The first is a deliberate pattern of pocks by a doorway – an obvious dial location – with a possible style hole in the mortar. There are similar short curved dot patterns elsewhere, eg Maiden Newton (Dorset). A plausible dial. The second dial is higher on the same buttress as Dial 8, a small hole with 2 apparently intentional lines just before and at noon. Doubtful, but I have seen rather less convincing patterns credited with dial status…
‘ UNEXPECTED TIMES’: A SUNDIAL ON THE PONTE VECCHIO
This article was written a while back, in the pre-Covid era. Now I have a sundial site up and running, this dial and some others from Florence have a new space.
Florence in January. -8°C at night, zero during the day – but sunny enough in the middle of the day to be able to have coffee or even lunch outside. Apart from the Uffizi, no queues for anywhere. Most significant places on the tourist trail almost to oneself. Despite the cold, there is no frost: the air is so dry that the pavements, piazzas and even the cars are quite clear of frozen white crystals. By the river I caught the electric flash of a male kingfisher flying up from the water to an overhanging bush, his hunting perch. I watched him as he scanned the water below, occasionally diving down and returning to the same branch. Twice, I could see the glint of a tiny fish in his beak.
Over the years I don’t know how often I have crossed the Ponte Vecchio – or even simply walked to the mid-point to admire the views up and down river from the open areas between the pricey shops. This time I was walking the length of the Vasari corridor that connects the Palazzo Vecchio to the Palazzo Pitti on the other side of the Arno. A section runs straight over the bridge and then passes across the facade of Santa Felicita, into which the Medici family could sneak from the corridor to a large private balcony for spiritual refreshment. Passing the middle of the west side of the bridge, in the ‘tourist photo op’ gap where Cellini’s bust adds to the photogenic view, I have never before looked upwards.
Here, on the roof of a shop, is an ancient sundial, supported by a white marble pillar. An eroded and almost illegible engraving below the pillar records that in 1333, floods caused the bridge to collapse and that “twelve years later, as pleased the Commune, it was rebuilt with this ornamentation”. The sundial itself, with its columnar divisions reminiscent of a rose window, marks the CANONICAL HOURS. The gnomon’s shadow indicates the hour of the day.

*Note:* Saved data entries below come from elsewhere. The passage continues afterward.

lemma newton_extreme_point_if_isolated_min:
  assumes b0: "b i0 j0 \<noteq> 0" and A: "A \<ge> 0" and B: "B > 0" and g: "g > 0"
    and lb: "\<And>i j. b i j \<noteq> 0 \<Longrightarrow> m \<le> A * real i + B * real j"
    and eq: "A * real i0 + B * real j0 = m"
    and leftmost: "\<And>i j. b i j \<noteq> 0 \<Longrightarrow> A * real i + B * real j = m \<Longrightarrow> i0 \<le> i"
    and gap: "\<And>i j. b i j \<noteq> 0 \<Longrightarrow> m < A * real i + B * real j \<Longrightarrow> m + g \<le> A * real i + B * real j"
  shows "(real i0, real j0) extreme_point_of newton_polygon b"
proof -
  \<comment> \<open>the second supporting line is the first one tilted by the slope K, small enough thanks to the gap\<close>
  define K where "K = (real i0 + 1) / g"
  have K: "K \<ge> 0" and Kg: "K * g = real i0 + 1" unfolding K_def using g by auto
  show ?thesis
  proof (rule extreme_point_of_two_supporting_lines[where ua = A and va = B and ub = "1 + K * A" and vb = "K * B"])
    show "(real i0, real j0) \<in> newton_polygon b" using b0 by (rule newton_polygon_memI) auto
    fix x y assume xy: "(x, y) \<in> newton_polygon b"
    show "A * real i0 + B * real j0 \<le> A * x + B * y"
      by (rule newton_polygon_linear_lower_bound[OF A _ _ xy]) (use B lb eq in auto)
    show "(1 + K * A) * real i0 + K * B * real j0 \<le> (1 + K * A) * x + K * B * y"
    proof (rule newton_polygon_linear_lower_bound[OF _ _ _ xy])
      show "0 \<le> 1 + K * A" "0 \<le> K * B" using K A B by simp_all
      fix i j assume bij: "b i j \<noteq> 0"
      have "(1 + K * A) * real i0 + K * B * real j0 = real i0 + K * m"
        using eq[symmetric] by (simp add: algebra_simps)
      moreover have "(1 + K * A) * real i + K * B * real j = real i + K * (A * real i + B * real j)"
        by (simp add: algebra_simps)
      moreover have "real i0 + K * m \<le> real i + K * (A * real i + B * real j)"
      proof (cases "A * real i + B * real j = m")
        case True
        then show ?thesis using leftmost[OF bij] by simp
      next
        case False
        then have "K * (m + g) \<le> K * (A * real i + B * real j)"
          using lb[OF bij] gap[OF bij] K by (intro mult_left_mono) auto
        then show ?thesis using Kg by (simp add: algebra_simps)
      qed
      ultimately show "(1 + K * A) * real i0 + K * B * real j0 \<le> (1 + K * A) * real i + K * B * real j"
        by simp
    qed
  qed (use B in \<open>simp add: algebra_simps\<close>)
qed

If the sundial is the ‘ornamentation’ to which the inscription refers, then it is around 650 years old.
If you look closely, you’ll see, halfway up the south face of the hexagonal column, a lizard
Seeing the sundial for the first time ever, yet in such a familiar place was a reminder that Florence is a city that demands great attention as one walks through the streets. Many buildings, even unassuming ones, have fine adornments high up that will catch the eye… but only if you are looking out for them.